lemma binomial_le_power:
  assumes "1 \<le> k"
  shows "real (n choose k) \<le> (3 * real n / real k) ^ k"
proof -
  have choose_fact: "real (n choose k) * fact k \<le> real n ^ k"
    using binomial_fact_pow[of n k] by (metis of_nat_fact of_nat_le_iff of_nat_mult of_nat_power)
  have "real (n choose k) * real k ^ k \<le> real (n choose k) * (3 ^ k * fact k)"
    using power_self_le_three_power_fact[of k] by (intro mult_left_mono) auto
  also have "\<dots> = 3 ^ k * (real (n choose k) * fact k)" by simp
  also have "\<dots> \<le> 3 ^ k * real n ^ k"
    using choose_fact by (intro mult_left_mono) auto
  finally show ?thesis
    using assms by (simp add: power_divide power_mult_distrib pos_le_divide_eq)
qed

lemma choose_mult_choose_mult_power_le:
  assumes "1 \<le> s" "2 * s \<le> n"
  shows "real (n choose s) * real (n choose (2 * s)) * (real (2 * s) / real n) ^ (10 * ((s + 1) div 2))
         \<le> (216 * real s ^ 2 / real n ^ 2) ^ s"
proof -
  have n: "0 < real n" using assms by simp
  have "(real (2 * s) / real n) ^ (10 * ((s + 1) div 2)) \<le> (real (2 * s) / real n) ^ (5 * s)"
    using assms by (intro power_decreasing) auto
  then have "real (n choose s) * real (n choose (2 * s)) * (real (2 * s) / real n) ^ (10 * ((s + 1) div 2))
        \<le> (3 * real n / real s) ^ s * (3 * real n / real (2 * s)) ^ (2 * s) * (real (2 * s) / real n) ^ (5 * s)"
    using assms by (intro mult_mono binomial_le_power) auto
  also have "\<dots> = ((3 * real n / real s) * (3 * real n / real (2 * s)) ^ 2 * (real (2 * s) / real n) ^ 5) ^ s"
    by (simp only: power_mult power_mult_distrib)
  also have "(3 * real n / real s) * (3 * real n / real (2 * s)) ^ 2 * (real (2 * s) / real n) ^ 5
             = 216 * real s ^ 2 / real n ^ 2"
    using assms n by (simp add: field_simps power2_eq_square power_def)
  finally show ?thesis .
qed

### Task description
In the answer, the lines from the first line of the data above through the line containing "assms by simp" must appear exactly as written, with nothing else.

### Your response
lemma binomial_le_power:
  assumes "1 \<le> k"
  shows "real (n choose k) \<le> (3 * real n / real k) ^ k"
proof -
  have choose_fact: "real (n choose k) * fact k \<le> real n ^ k"
    using binomial_fact_pow[of n k] by (metis of_nat_fact of_nat_le_iff of_nat_mult of_nat_power)
  have "real (n choose k) * real k ^ k \<le> real (n choose k) * (3 ^ k * fact k)"
    using power_self_le_three_power_fact[of k] by (intro mult_left_mono) auto
  also have "\<dots> = 3 ^ k * (real (n choose k) * fact k)" by simp
  also have "\<dots> \<le> 3 ^ k * real n ^ k"
    using choose_fact by (intro mult_left_mono) auto
  finally show ?thesis
    using assms by (simp add: power_divide power_mult_distrib pos_le_divide_eq)
qed

lemma choose_mult_choose_mult_power_le:
  assumes "1 \<le> s" "2 * s \<le> n"
  shows "real (n choose s) * real (n choose (2 * s)) * (real (2 * s) / real n) ^ (10 * ((s + 1) div 2))
         \<le> (216 * real s ^ 2 / real n ^ 2) ^ s"
proof -
  have n: "0 < real n" using assms by simp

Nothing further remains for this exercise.